Given records:
+-------+
(* Let ${\bm X}={\bm Y}$ be a finite pseudometric space with pseudometric $d_{\bm X}$ and let $C=d_{\bm X}$. Let $m^{\bm X}_\bullet,m^{\bm Y}_\bullet$ be irreducible and aperiodic Markov transition kernels on ${\bm X}$ with unique stationary distributions $\mu^{\bm X},\mu^{\bm Y}$. Define $C^{(0)}=C$ and $C^{(l)}_{ij}=d_{\mathrm W}(m^{\bm X}_i,m^{\bm Y}_j;C^{(l-1)})$ for $l\ge1$, and let $c=d^{(\infty)}_{\mathrm{WL}}\big(({\bm X},m^{\bm X}_\bullet,\mu^{\bm X}),({\bm Y},m^{\bm Y}_\bullet,\mu^{\bm Y});C\big)$. Then there exists $\rho\in[0,1)$, depending on $m^{\bm X}_\bullet$ and $m^{\bm Y}_\bullet$, such that for all $k\in\mathbb{N}$ and all $i,j$, $|C^{(k)}_{ij}-c|\le2\rho^k\|C\|_\infty$.
   Context: $d_{\mathrm W}(\alpha,\beta;D)=\inf_{(X,Y)\in\mathcal{C}(\alpha,\beta)}\mathbb{E}\,D(X,Y)$ with $\mathcal{C}(\alpha,\beta)$ the set of couplings. For finite Markov chains $\mathcal{X}=({\bm X},m^{\bm X}_\bullet,\nu^{\bm X})$, $\mathcal{Y}=({\bm Y},m^{\bm Y}_\bullet,\nu^{\bm Y})$, a Markovian coupling is a (possibly time-inhomogeneous) Markov chain $(X_t,Y_t)_{t\in\mathbb{N}}$ on ${\bm X}\times{\bm Y}$ with $\mathrm{law}(X_0,Y_0)\in\mathcal{C}(\nu^{\bm X},\nu^{\bm Y})$ and, for all $t,x,y$, the conditional law of $(X_{t+1},Y_{t+1})$ given $(X_t,Y_t)=(x,y)$ in $\mathcal{C}(m^{\bm X}_x,m^{\bm Y}_y)$. $d^{(k)}_{\mathrm{WL}}(\mathcal{X},\mathcal{Y};C)=\inf\mathbb{E}\,C(X_k,Y_k)$ over Markovian couplings, and (for stationary chains) $d^{(\infty)}_{\mathrm{WL}}=\sup_{k}d^{(k)}_{\mathrm{WL}}=\lim_k d^{(k)}_{\mathrm{WL}}$. $\|C\|_\infty=\max_{i,j}|C_{ij}|$. *)

theory Defs
  imports Complex_Main
begin

definition markov_kernel :: "('a::finite \<Rightarrow> 'a \<Rightarrow> real) \<Rightarrow> bool" where
  "markov_kernel m \<longleftrightarrow> (\<forall>x y. 0 \<le> m x y) \<and> (\<forall>x. (\<Sum>y\<in>UNIV. m x y) = 1)"

definition prob_vec :: "('a::finite \<Rightarrow> real) \<Rightarrow> bool" where
  "prob_vec \<mu> \<longleftrightarrow> (\<forall>x. 0 \<le> \<mu> x) \<and> (\<Sum>x\<in>UNIV. \<mu> x) = 1"

fun mpow :: "('a::finite \<Rightarrow> 'a \<Rightarrow> real) \<Rightarrow> nat \<Rightarrow> 'a \<Rightarrow> 'a \<Rightarrow> real" where
  "mpow m 0 = (\<lambda>x y. if x = y then 1 else 0)"
| "mpow m (Suc n) = (\<lambda>x z. \<Sum>y\<in>UNIV. mpow m n x y * m y z)"

definition irreducible_kernel :: "('a::finite \<Rightarrow> 'a \<Rightarrow> real) \<Rightarrow> bool" where
  "irreducible_kernel m \<longleftrightarrow> (\<forall>x y. \<exists>n>0. mpow m n x y > 0)"

definition aperiodic_kernel :: "('a::finite \<Rightarrow> 'a \<Rightarrow> real) \<Rightarrow> bool" where
  "aperiodic_kernel m \<longleftrightarrow> (\<forall>x. Gcd {n. n > 0 \<and> mpow m n x x > 0} = 1)"

definition stationary :: "('a::finite \<Rightarrow> 'a \<Rightarrow> real) \<Rightarrow> ('a \<Rightarrow> real) \<Rightarrow> bool" where
  "stationary m \<mu> \<longleftrightarrow> prob_vec \<mu> \<and> (\<forall>y. (\<Sum>x\<in>UNIV. \<mu> x * m x y) = \<mu> y)"

definition pseudometric :: "('a \<Rightarrow> 'a \<Rightarrow> real) \<Rightarrow> bool" where
  "pseudometric d \<longleftrightarrow> (\<forall>x. d x x = 0) \<and> (\<forall>x y. d x y = d y x)
     \<and> (\<forall>x y z. d x z \<le> d x y + d y z)"

definition coupling :: "('a::finite \<Rightarrow> 'b::finite \<Rightarrow> real) \<Rightarrow> ('a \<Rightarrow> real) \<Rightarrow> ('b \<Rightarrow> real) \<Rightarrow> bool" where
  "coupling p \<alpha> \<beta> \<longleftrightarrow> (\<forall>x y. 0 \<le> p x y) \<and> (\<forall>x. (\<Sum>y\<in>UNIV. p x y) = \<alpha> x)
     \<and> (\<forall>y. (\<Sum>x\<in>UNIV. p x y) = \<beta> y)"

definition dW :: "('a::finite \<Rightarrow> real) \<Rightarrow> ('b::finite \<Rightarrow> real) \<Rightarrow> ('a \<Rightarrow> 'b \<Rightarrow> real) \<Rightarrow> real" where
  "dW \<alpha> \<beta> D = Inf {(\<Sum>x\<in>UNIV. \<Sum>y\<in>UNIV. p x y * D x y) | p. coupling p \<alpha> \<beta>}"

text \<open>Law at time t of a (time-inhomogeneous) Markov chain on the product space with
  initial law pi0 and transition kernels P t (x,y) (x',y').\<close>
fun claw :: "('a::finite \<Rightarrow> 'b::finite \<Rightarrow> real) \<Rightarrow> (nat \<Rightarrow> 'a \<Rightarrow> 'b \<Rightarrow> 'a \<Rightarrow> 'b \<Rightarrow> real)
              \<Rightarrow> nat \<Rightarrow> 'a \<Rightarrow> 'b \<Rightarrow> real" where
  "claw pi0 P 0 = pi0"
| "claw pi0 P (Suc t) = (\<lambda>x' y'. \<Sum>x\<in>UNIV. \<Sum>y\<in>UNIV. claw pi0 P t x y * P t x y x' y')"

definition markovian_coupling ::
  "('a::finite \<Rightarrow> 'a \<Rightarrow> real) \<Rightarrow> ('a \<Rightarrow> real) \<Rightarrow> ('b::finite \<Rightarrow> 'b \<Rightarrow> real) \<Rightarrow> ('b \<Rightarrow> real)
   \<Rightarrow> ('a \<Rightarrow> 'b \<Rightarrow> real) \<Rightarrow> (nat \<Rightarrow> 'a \<Rightarrow> 'b \<Rightarrow> 'a \<Rightarrow> 'b \<Rightarrow> real) \<Rightarrow> bool" where
  "markovian_coupling mx nux my nuy pi0 P \<longleftrightarrow> coupling pi0 nux nuy
     \<and> (\<forall>t x y. coupling (P t x y) (mx x) (my y))"

definition dWL_k ::
  "nat \<Rightarrow> ('a::finite \<Rightarrow> 'a \<Rightarrow> real) \<Rightarrow> ('a \<Rightarrow> real) \<Rightarrow> ('b::finite \<Rightarrow> 'b \<Rightarrow> real) \<Rightarrow> ('b \<Rightarrow> real)
   \<Rightarrow> ('a \<Rightarrow> 'b \<Rightarrow> real) \<Rightarrow> real" where
  "dWL_k k mx nux my nuy C = Inf {(\<Sum>x\<in>UNIV. \<Sum>y\<in>UNIV. claw pi0 P k x y * C x y) | pi0 P.
        markovian_coupling mx nux my nuy pi0 P}"

definition dWL_inf ::
  "('a::finite \<Rightarrow> 'a \<Rightarrow> real) \<Rightarrow> ('a \<Rightarrow> real) \<Rightarrow> ('b::finite \<Rightarrow> 'b \<Rightarrow> real) \<Rightarrow> ('b \<Rightarrow> real)
   \<Rightarrow> ('a \<Rightarrow> 'b \<Rightarrow> real) \<Rightarrow> real" where
  "dWL_inf mx nux my nuy C = (SUP k. dWL_k k mx nux my nuy C)"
+-------+
Your instructions:
Would you show each line of the material above that contains the string "mathrm"?

Answer box:
(* Let ${\bm X}={\bm Y}$ be a finite pseudometric space with pseudometric $d_{\bm X}$ and let $C=d_{\bm X}$. Let $m^{\bm X}_\bullet,m^{\bm Y}_\bullet$ be irreducible and aperiodic Markov transition kernels on ${\bm X}$ with unique stationary distributions $\mu^{\bm X},\mu^{\bm Y}$. Define $C^{(0)}=C$ and $C^{(l)}_{ij}=d_{\mathrm W}(m^{\bm X}_i,m^{\bm Y}_j;C^{(l-1)})$ for $l\ge1$, and let $c=d^{(\infty)}_{\mathrm{WL}}\big(({\bm X},m^{\bm X}_\bullet,\mu^{\bm X}),({\bm Y},m^{\bm Y}_\bullet,\mu^{\bm Y});C\big)$. Then there exists $\rho\in[0,1)$, depending on $m^{\bm X}_\bullet$ and $m^{\bm Y}_\bullet$, such that for all $k\in\mathbb{N}$ and all $i,j$, $|C^{(k)}_{ij}-c|\le2\rho^k\|C\|_\infty$.
   Context: $d_{\mathrm W}(\alpha,\beta;D)=\inf_{(X,Y)\in\mathcal{C}(\alpha,\beta)}\mathbb{E}\,D(X,Y)$ with $\mathcal{C}(\alpha,\beta)$ the set of couplings. For finite Markov chains $\mathcal{X}=({\bm X},m^{\bm X}_\bullet,\nu^{\bm X})$, $\mathcal{Y}=({\bm Y},m^{\bm Y}_\bullet,\nu^{\bm Y})$, a Markovian coupling is a (possibly time-inhomogeneous) Markov chain $(X_t,Y_t)_{t\in\mathbb{N}}$ on ${\bm X}\times{\bm Y}$ with $\mathrm{law}(X_0,Y_0)\in\mathcal{C}(\nu^{\bm X},\nu^{\bm Y})$ and, for all $t,x,y$, the conditional law of $(X_{t+1},Y_{t+1})$ given $(X_t,Y_t)=(x,y)$ in $\mathcal{C}(m^{\bm X}_x,m^{\bm Y}_y)$. $d^{(k)}_{\mathrm{WL}}(\mathcal{X},\mathcal{Y};C)=\inf\mathbb{E}\,C(X_k,Y_k)$ over Markovian couplings, and (for stationary chains) $d^{(\infty)}_{\mathrm{WL}}=\sup_{k}d^{(k)}_{\mathrm{WL}}=\lim_k d^{(k)}_{\mathrm{WL}}$. $\|C\|_\infty=\max_{i,j}|C_{ij}|$. *)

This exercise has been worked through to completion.